ZINCRBY
有序集合中指定成员的分数加上增量increment,正负均可。
Command
127.0.0.1:6379> zadd animal 1 cat
(integer) 1
// 返回加上增量后的结果
127.0.0.1:6379> ZINCRBY animal 1 cat
"2"
// 当member不存在时,以增加为分数,增加member,返回增量
127.0.0.1:6379> ZINCRBY animal 2 dog
"2"
// 以浮点数作为增量
127.0.0.1:6379> ZINCRBY animal 1.1 cat
"3.1000000000000001"
但是为社么以浮点数作为增量时,member的分数变成了很长的浮点数?但是最后go代码里得出的结果却精确到了想要的结果?
有一个相关的issue解释了,
https://github.com/antirez/redis/issues/1499,大致是这样子不影响排序,但是展示出来的就是这样长
Code
func zincrby(c redis.Conn) {
defer c.Do("DEL", "animal")
c.Do("ZADD", "animal", 1, "cat")
newScore, _ := redis.Int(c.Do("ZINCRBY", "animal", 1, "cat"))

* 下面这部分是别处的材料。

(* For real parameters $p,r$, the Gini mean $G_{p,r}$ is stable if and only if $pr(p+r)=0$; i.e. the only stable Gini means are the power means $G_{0,r}=B_r$, $G_{p,0}=B_p$, $G_{p,-p}=B_0$.
   Context: For $s,t>0$: $G_{p,r}(s,t)=\big(\frac{s^p+t^p}{s^r+t^r}\big)^{1/(p-r)}$ if $p\ne r$; $\exp\big(\frac{s^p\log s+t^p\log t}{s^p+t^p}\big)$ if $p=r\ne0$; $\sqrt{st}$ if $p=r=0$. Power mean: $B_r(s,t)=\big(\frac{s^r+t^r}2\big)^{1/r}$ for $r\ne0$, $B_0(s,t)=\sqrt{st}$. A mean $M$ is stable if $M(s,t)=M\big(M(s,M(s,t)),M(M(s,t),t)\big)$ for all $s,t>0$. *)

theory Defs
  imports Complex_Main
begin

text \<open>Gini mean G_{p,r}(s,t), intended for s, t > 0.\<close>
definition gini_mean :: "real \<Rightarrow> real \<Rightarrow> real \<Rightarrow> real \<Rightarrow> real" where
  "gini_mean p r s t =
     (if p \<noteq> r then ((s powr p + t powr p) / (s powr r + t powr r)) powr (1 / (p - r))
      else if p \<noteq> 0 then exp ((s powr p * ln s + t powr p * ln t) / (s powr p + t powr p))
      else sqrt (s * t))"

text \<open>Power mean B_r(s,t), intended for s, t > 0.\<close>
definition power_mean :: "real \<Rightarrow> real \<Rightarrow> real \<Rightarrow> real" where
  "power_mean r s t = (if r \<noteq> 0 then ((s powr r + t powr r) / 2) powr (1 / r) else sqrt (s * t))"

definition stable_mean :: "(real \<Rightarrow> real \<Rightarrow> real) \<Rightarrow> bool" where
  "stable_mean M \<longleftrightarrow> (\<forall>s t. s > 0 \<longrightarrow> t > 0 \<longrightarrow>
      M s t = M (M s (M s t)) (M (M s t) t))"

end

theory Submission
  imports Defs "HOL-Real_Asymp.Real_Asymp"
begin

text \<open>
  Power means are quasi-arithmetic, hence stable, and for \<open>p r (p + r) = 0\<close> the Gini mean is a
  power mean. Conversely, writing \<open>s = e\<^sup>a\<close>, \<open>t = e\<^sup>b\<close>, a Gini mean satisfies
  \<open>\<lambda> log G = \<lambda> (a + b)/2 + F (\<lambda> (b - a))\<close> for a suitable \<open>\<lambda> \<noteq> 0\<close> and an even kernel
  \<open>F x = c x\<^sup>2 + e x\<^sup>4 + o(x\<^sup>4)\<close>. Stability is a functional equation for \<open>F\<close>, whose
  fourth order Taylor coefficient at \<open>0\<close> is \<open>-(3 e / 8 + c\<^sup>3)\<close>. This coefficient equals
  \<open>-P (P - 1) (2 P - 1) / 256\<close> with \<open>P = p / (p - r)\<close> when \<open>p \<noteq> r\<close>, and \<open>-1/128\<close> when
  \<open>p = r \<noteq> 0\<close>; it vanishes exactly when \<open>p r (p + r) = 0\<close>.
\<close>

lemma stable_mean_cong:
  assumes eq: "\<And>s t. s > 0 \<Longrightarrow> t > 0 \<Longrightarrow> M s t = N s t"
    and pos: "\<And>s t. s > 0 \<Longrightarrow> t > 0 \<Longrightarrow> N s t > 0"
  shows "stable_mean M \<longleftrightarrow> stable_mean N"
  unfolding stable_mean_def by (simp add: eq pos)

lemma quasi_arithmetic_mean_stable:
  fixes \<phi> :: "real \<Rightarrow> real"
  assumes inj: "inj_on \<phi> {0<..}"
    and pos: "\<And>s t. s > 0 \<Longrightarrow> t > 0 \<Longrightarrow> M s t > 0"
    and mid: "\<And>s t. s > 0 \<Longrightarrow> t > 0 \<Longrightarrow> \<phi> (M s t) = (\<phi> s + \<phi> t) / 2"
  shows "stable_mean M"
  unfolding stable_mean_def
proof (intro allI impI)
  fix s t :: real
  assume s: "s > 0" and t: "t > 0"
  define m where "m = M s t"
  have m: "m > 0" using pos s t by (simp add: m_def)
  have "\<phi> (M (M s m) (M m t)) = ((\<phi> s + \<phi> m) / 2 + (\<phi> m + \<phi> t) / 2) / 2"
    using s t m by (simp add: mid pos)
  also have "\<dots> = \<phi> m"
    using mid[OF s t] by (simp add: m_def field_simps)
  finally have "M (M s m) (M m t) = m"
    using inj s t m by (auto intro: inj_onD pos)
  then show "M s t = M (M s (M s t)) (M (M s t) t)"
    by (simp add: m_def)
qed

lemma power_mean_pos:
  assumes "s > 0" "t > 0"
  shows "power_mean q s t > 0"
proof -
  have "s powr q + t powr q > 0"
    using assms by (simp add: add_pos_pos)
  then show ?thesis
    using assms by (simp add: power_mean_def)
qed

lemma power_mean_stable: "stable_mean (power_mean q)"
proof (cases "q = 0")
  case True
  have "ln (power_mean q s t) = (ln s + ln t) / 2" if "s > 0" "t > 0" for s t
    using that True by (simp add: power_mean_def ln_sqrt ln_mult)
  then show ?thesis
    by (intro quasi_arithmetic_mean_stable[where \<phi> = ln]) (auto simp: inj_on_def power_mean_pos)
next
  case False
  have "power_mean q s t powr q = (s powr q + t powr q) / 2" if "s > 0" "t > 0" for s t
    using that False by (simp add: power_mean_def powr_powr add_pos_pos)
  moreover have "inj_on (\<lambda>x. x powr q) {0<..}"
    by (rule inj_on_inverseI[where g = "\<lambda>y. y powr (1 / q)"]) (use False in \<open>simp add: powr_powr\<close>)
  ultimately show ?thesis
    by (intro quasi_arithmetic_mean_stable[where \<phi> = "\<lambda>x. x powr q"]) (auto simp: power_mean_pos)
qed

lemma gini_mean_eq_power_mean:
  assumes "p * r * (p + r) = 0" and s: "s > 0" and t: "t > 0"
  shows "gini_mean p r s t = power_mean (if p = 0 then r else if r = 0 then p else 0) s t"
proof -
  have sum_pos: "s powr q + t powr q > 0" for q
    using s t by (simp add: add_pos_pos)
  consider "p = 0" | "p \<noteq> 0" "r = 0" | "p \<noteq> 0" "r \<noteq> 0" "r = - p"
    using assms(1) by (auto simp: add_eq_0_iff)
  then show ?thesis
  proof cases
    case 1
    then show ?thesis
      using sum_pos[of r] s t by (simp add: gini_mean_def power_mean_def powr_minus_divide powr_divide)
  next
    case 2
    then show ?thesis
      using s t by (simp add: gini_mean_def power_mean_def)
  next
    case 3
    have "s powr (- p) + t powr (- p) = (s powr p + t powr p) / (s powr p * t powr p)"
      using s t by (simp add: powr_minus field_simps)
    then have "(s powr p + t powr p) / (s powr (- p) + t powr (- p)) = (s * t) powr p"
      using sum_pos[of p] s t by (simp add: powr_mult)
    then have "gini_mean p r s t = ((s * t) powr p) powr (1 / (2 * p))"
      using 3 by (simp add: gini_mean_def)
    also have "\<dots> = sqrt (s * t)"
      using 3 s t by (simp add: powr_powr powr_half_sqrt)
    finally show ?thesis
      using 3 by (simp add: power_mean_def)
  qed
qed

text \<open>\<open>log_mean F a b\<close> stands for \<open>\<lambda> log M (e\<^bsup>a/\<lambda>\<^esup>, e\<^bsup>b/\<lambda>\<^esup>)\<close>, where \<open>M\<close> is a symmetric
  homogeneous mean with kernel \<open>F\<close>.\<close>

definition log_mean :: "(real \<Rightarrow> real) \<Rightarrow> real \<Rightarrow> real \<Rightarrow> real" where
  "log_mean F a b = (a + b) / 2 + F (b - a)"

definition stability_defect :: "(real \<Rightarrow> real) \<Rightarrow> real \<Rightarrow> real" where
  "stability_defect F y =
     (let m = log_mean F (- y / 2) (y / 2)
      in log_mean F (log_mean F (- y / 2) m) (log_mean F m (y / 2)) - m)"

lemma stability_defect_eq:
  "stability_defect F y =
     (F (y / 2 + F y) + F (y / 2 - F y) - F y) / 2 + F (y / 2 + F (y / 2 - F y) - F (y / 2 + F y))"
proof -
  define u where "u = (F y - y / 2) / 2 + F (y / 2 + F y)"
  define v where "v = (F y + y / 2) / 2 + F (y / 2 - F y)"
  have "log_mean F (- y / 2) (y / 2) = F y" "log_mean F (- y / 2) (F y) = u"
    "log_mean F (F y) (y / 2) = v"
    by (simp_all add: log_mean_def u_def v_def add.commute)
  then have "stability_defect F y = (u + v) / 2 + F (v - u) - F y"
    by (simp add: stability_defect_def log_mean_def[of F u v])
  also have "v - u = y / 2 + F (y / 2 - F y) - F (y / 2 + F y)"
    by (simp add: u_def v_def diff_divide_distrib add_divide_distrib)
  finally show ?thesis
    by (simp add: u_def v_def diff_divide_distrib add_divide_distrib)
qed

lemma stable_imp_stability_defect_zero:
  assumes lam: "lam \<noteq> 0"
    and log_coords: "\<And>a b. G (exp a) (exp b) = exp (log_mean F (lam * a) (lam * b) / lam)"
    and "stable_mean G"
  shows "stability_defect F y = 0"
proof -
  define \<phi> where "\<phi> a = exp (a / lam)" for a
  have G_\<phi>: "G (\<phi> a) (\<phi> b) = \<phi> (log_mean F a b)" for a b
    using log_coords[of "a / lam" "b / lam"] lam by (simp add: \<phi>_def)
  define m where "m = log_mean F (- y / 2) (y / 2)"
  have "\<phi> m = \<phi> (log_mean F (log_mean F (- y / 2) m) (log_mean F m (y / 2)))"
    using \<open>stable_mean G\<close> unfolding stable_mean_def
    by (metis G_\<phi> \<phi>_def exp_gt_zero m_def)
  then show ?thesis
    using lam by (simp add: stability_defect_def \<phi>_def m_def Let_def)
qed

definition gini_kernel :: "real \<Rightarrow> real \<Rightarrow> real" where
  "gini_kernel P x = ln (cosh (P * x / 2) / cosh ((P - 1) * x / 2))"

fmt.Println("New score of member is:", newScore)
newScore, _ = redis.Int(c.Do("ZINCRBY", "animal", 2, "dog"))
fmt.Println("New score of new member is:", newScore)
newScoreFloat, _ := redis.Float64(c.Do("ZINCRBY", "animal", 1.1, "cat"))
fmt.Println("When increment is float, new score of member is:", newScoreFloat)
}
Output
$ go run main.go
New score of member is: 2
New score of new member is: 2
When increment is float, new score of member is: 3.1